◆ **Work order**
An exact copy of all the data is required.
──────────────────────────────
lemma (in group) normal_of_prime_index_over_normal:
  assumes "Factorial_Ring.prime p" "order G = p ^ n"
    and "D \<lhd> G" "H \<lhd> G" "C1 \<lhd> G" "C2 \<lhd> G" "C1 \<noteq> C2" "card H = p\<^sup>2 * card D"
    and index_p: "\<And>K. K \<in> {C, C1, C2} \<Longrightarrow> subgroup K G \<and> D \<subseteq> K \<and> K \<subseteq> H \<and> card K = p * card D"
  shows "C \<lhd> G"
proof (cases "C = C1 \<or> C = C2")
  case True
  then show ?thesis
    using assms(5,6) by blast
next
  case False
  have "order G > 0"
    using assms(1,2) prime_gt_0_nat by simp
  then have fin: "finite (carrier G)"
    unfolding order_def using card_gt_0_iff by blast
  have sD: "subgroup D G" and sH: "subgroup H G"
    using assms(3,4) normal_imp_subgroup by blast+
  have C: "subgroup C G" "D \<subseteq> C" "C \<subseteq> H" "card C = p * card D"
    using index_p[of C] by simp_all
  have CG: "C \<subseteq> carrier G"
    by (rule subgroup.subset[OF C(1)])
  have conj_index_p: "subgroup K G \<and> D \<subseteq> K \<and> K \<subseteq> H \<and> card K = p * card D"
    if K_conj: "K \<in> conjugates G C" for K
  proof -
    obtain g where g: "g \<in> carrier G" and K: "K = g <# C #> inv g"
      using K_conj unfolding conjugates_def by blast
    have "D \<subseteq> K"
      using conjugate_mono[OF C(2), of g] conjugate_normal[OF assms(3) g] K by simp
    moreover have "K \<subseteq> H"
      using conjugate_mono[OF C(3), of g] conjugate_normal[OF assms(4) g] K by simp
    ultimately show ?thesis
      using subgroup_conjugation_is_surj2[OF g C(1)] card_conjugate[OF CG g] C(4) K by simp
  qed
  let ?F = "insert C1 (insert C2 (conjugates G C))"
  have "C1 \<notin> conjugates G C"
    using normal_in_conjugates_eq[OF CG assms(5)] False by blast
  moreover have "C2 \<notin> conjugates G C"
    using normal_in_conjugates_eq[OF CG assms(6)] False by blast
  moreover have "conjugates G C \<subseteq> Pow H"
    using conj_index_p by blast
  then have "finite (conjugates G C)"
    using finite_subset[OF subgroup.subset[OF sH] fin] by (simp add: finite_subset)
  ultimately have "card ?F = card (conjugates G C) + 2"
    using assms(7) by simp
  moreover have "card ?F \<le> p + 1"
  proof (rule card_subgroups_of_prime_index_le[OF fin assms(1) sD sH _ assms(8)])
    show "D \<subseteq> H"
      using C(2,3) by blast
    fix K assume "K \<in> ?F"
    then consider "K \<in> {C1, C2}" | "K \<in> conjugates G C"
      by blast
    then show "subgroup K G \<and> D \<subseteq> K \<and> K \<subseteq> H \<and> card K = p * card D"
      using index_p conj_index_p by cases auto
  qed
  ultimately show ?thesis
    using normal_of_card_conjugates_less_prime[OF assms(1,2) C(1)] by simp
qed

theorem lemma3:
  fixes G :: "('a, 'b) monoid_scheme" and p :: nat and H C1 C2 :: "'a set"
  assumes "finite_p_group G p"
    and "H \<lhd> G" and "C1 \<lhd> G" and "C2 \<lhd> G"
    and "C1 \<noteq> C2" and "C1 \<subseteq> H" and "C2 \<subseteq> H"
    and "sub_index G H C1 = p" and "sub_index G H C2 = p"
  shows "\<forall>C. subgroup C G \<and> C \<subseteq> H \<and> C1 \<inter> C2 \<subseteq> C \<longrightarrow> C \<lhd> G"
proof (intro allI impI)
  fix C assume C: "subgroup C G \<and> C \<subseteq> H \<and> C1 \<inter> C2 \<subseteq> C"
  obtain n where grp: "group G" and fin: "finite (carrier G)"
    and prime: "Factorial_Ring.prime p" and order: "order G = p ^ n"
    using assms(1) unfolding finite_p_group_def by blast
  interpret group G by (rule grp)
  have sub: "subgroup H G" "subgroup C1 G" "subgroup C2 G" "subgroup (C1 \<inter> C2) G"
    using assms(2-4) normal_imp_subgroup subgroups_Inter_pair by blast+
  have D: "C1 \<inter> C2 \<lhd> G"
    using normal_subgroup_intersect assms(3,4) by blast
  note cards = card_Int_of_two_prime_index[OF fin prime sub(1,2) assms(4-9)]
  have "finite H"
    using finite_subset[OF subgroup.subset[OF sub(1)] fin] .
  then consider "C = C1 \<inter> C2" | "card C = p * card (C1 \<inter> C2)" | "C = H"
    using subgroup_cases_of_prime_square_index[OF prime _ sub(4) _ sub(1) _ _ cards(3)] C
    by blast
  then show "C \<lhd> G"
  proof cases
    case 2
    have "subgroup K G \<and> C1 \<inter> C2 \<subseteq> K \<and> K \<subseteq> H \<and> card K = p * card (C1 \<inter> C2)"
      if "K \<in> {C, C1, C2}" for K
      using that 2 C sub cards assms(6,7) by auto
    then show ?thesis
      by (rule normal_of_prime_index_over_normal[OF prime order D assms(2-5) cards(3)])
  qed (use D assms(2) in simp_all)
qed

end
──────────────────────────────
◆ **Answer box**
lemma (in group) normal_of_prime_index_over_normal:
  assumes "Factorial_Ring.prime p" "order G = p ^ n"
    and "D \<lhd> G" "H \<lhd> G" "C1 \<lhd> G" "C2 \<lhd> G" "C1 \<noteq> C2" "card H = p\<^sup>2 * card D"
    and index_p: "\<And>K. K \<in> {C, C1, C2} \<Longrightarrow> subgroup K G \<and> D \<subseteq> K \<and> K \<subseteq> H \<and> card K = p * card D"
  shows "C \<lhd> G"
proof (cases "C = C1 \<or> C = C2")
  case True
  then show ?thesis
    using assms(5,6) by blast
next
  case False
  have "order G > 0"
    using assms(1,2) prime_gt_0_nat by simp
  then have fin: "finite (carrier G)"
    unfolding order_def using card_gt_0_iff by blast
  have sD: "subgroup D G" and sH: "subgroup H G"
    using assms(3,4) normal_imp_subgroup by blast+
  have C: "subgroup C G" "D \<subseteq> C" "C \<subseteq> H" "card C = p * card D"
    using index_p[of C] by simp_all
  have CG: "C \<subseteq> carrier G"
    by (rule subgroup.subset[OF C(1)])
  have conj_index_p: "subgroup K G \<and> D \<subseteq> K \<and> K \<subseteq> H \<and> card K = p * card D"
    if K_conj: "K \<in> conjugates G C" for K
  proof -
    obtain g where g: "g \<in> carrier G" and K: "K = g <# C #> inv g"
      using K_conj unfolding conjugates_def by blast
    have "D \<subseteq> K"
      using conjugate_mono[OF C(2), of g] conjugate_normal[OF assms(3) g] K by simp
    moreover have "K \<subseteq> H"
      using conjugate_mono[OF C(3), of g] conjugate_normal[OF assms(4) g] K by simp
    ultimately show ?thesis
      using subgroup_conjugation_is_surj2[OF g C(1)] card_conjugate[OF CG g] C(4) K by simp
  qed
  let ?F = "insert C1 (insert C2 (conjugates G C))"
  have "C1 \<notin> conjugates G C"
    using normal_in_conjugates_eq[OF CG assms(5)] False by blast
  moreover have "C2 \<notin> conjugates G C"
    using normal_in_conjugates_eq[OF CG assms(6)] False by blast
  moreover have "conjugates G C \<subseteq> Pow H"
    using conj_index_p by blast
  then have "finite (conjugates G C)"
    using finite_subset[OF subgroup.subset[OF sH] fin] by (simp add: finite_subset)
  ultimately have "card ?F = card (conjugates G C) + 2"
    using assms(7) by simp
  moreover have "card ?F \<le> p + 1"
  proof (rule card_subgroups_of_prime_index_le[OF fin assms(1) sD sH _ assms(8)])
    show "D \<subseteq> H"
      using C(2,3) by blast
    fix K assume "K \<in> ?F"
    then consider "K \<in> {C1, C2}" | "K \<in> conjugates G C"
      by blast
    then show "subgroup K G \<and> D \<subseteq> K \<and> K \<subseteq> H \<and> card K = p * card D"
      using index_p conj_index_p by cases auto
  qed
  ultimately show ?thesis
    using normal_of_card_conjugates_less_prime[OF assms(1,2) C(1)] by simp
qed

theorem lemma3:
  fixes G :: "('a, 'b) monoid_scheme" and p :: nat and H C1 C2 :: "'a set"
  assumes "finite_p_group G p"
    and "H \<lhd> G" and "C1 \<lhd> G" and "C2 \<lhd> G"
    and "C1 \<noteq> C2" and "C1 \<subseteq> H" and "C2 \<subseteq> H"
    and "sub_index G H C1 = p" and "sub_index G H C2 = p"
  shows "\<forall>C. subgroup C G \<and> C \<subseteq> H \<and> C1 \<inter> C2 \<subseteq> C \<longrightarrow> C \<lhd> G"
proof (intro allI impI)
  fix C assume C: "subgroup C G \<and> C \<subseteq> H \<and> C1 \<inter> C2 \<subseteq> C"
  obtain n where grp: "group G" and fin: "finite (carrier G)"
    and prime: "Factorial_Ring.prime p" and order: "order G = p ^ n"
    using assms(1) unfolding finite_p_group_def by blast
  interpret group G by (rule grp)
  have sub: "subgroup H G" "subgroup C1 G" "subgroup C2 G" "subgroup (C1 \<inter> C2) G"
    using assms(2-4) normal_imp_subgroup subgroups_Inter_pair by blast+
  have D: "C1 \<inter> C2 \<lhd> G"
    using normal_subgroup_intersect assms(3,4) by blast
  note cards = card_Int_of_two_prime_index[OF fin prime sub(1,2) assms(4-9)]
  have "finite H"
    using finite_subset[OF subgroup.subset[OF sub(1)] fin] .
  then consider "C = C1 \<inter> C2" | "card C = p * card (C1 \<inter> C2)" | "C = H"
    using subgroup_cases_of_prime_square_index[OF prime _ sub(4) _ sub(1) _ _ cards(3)] C
    by blast
  then show "C \<lhd> G"
  proof cases
    case 2
    have "subgroup K G \<and> C1 \<inter> C2 \<subseteq> K \<and> K \<subseteq> H \<and> card K = p * card (C1 \<inter> C2)"
      if "K \<in> {C, C1, C2}" for K
      using that 2 C sub cards assms(6,7) by auto
    then show ?thesis
      by (rule normal_of_prime_index_over_normal[OF prime order D assms(2-5) cards(3)])
  qed (use D assms(2) in simp_all)
qed

end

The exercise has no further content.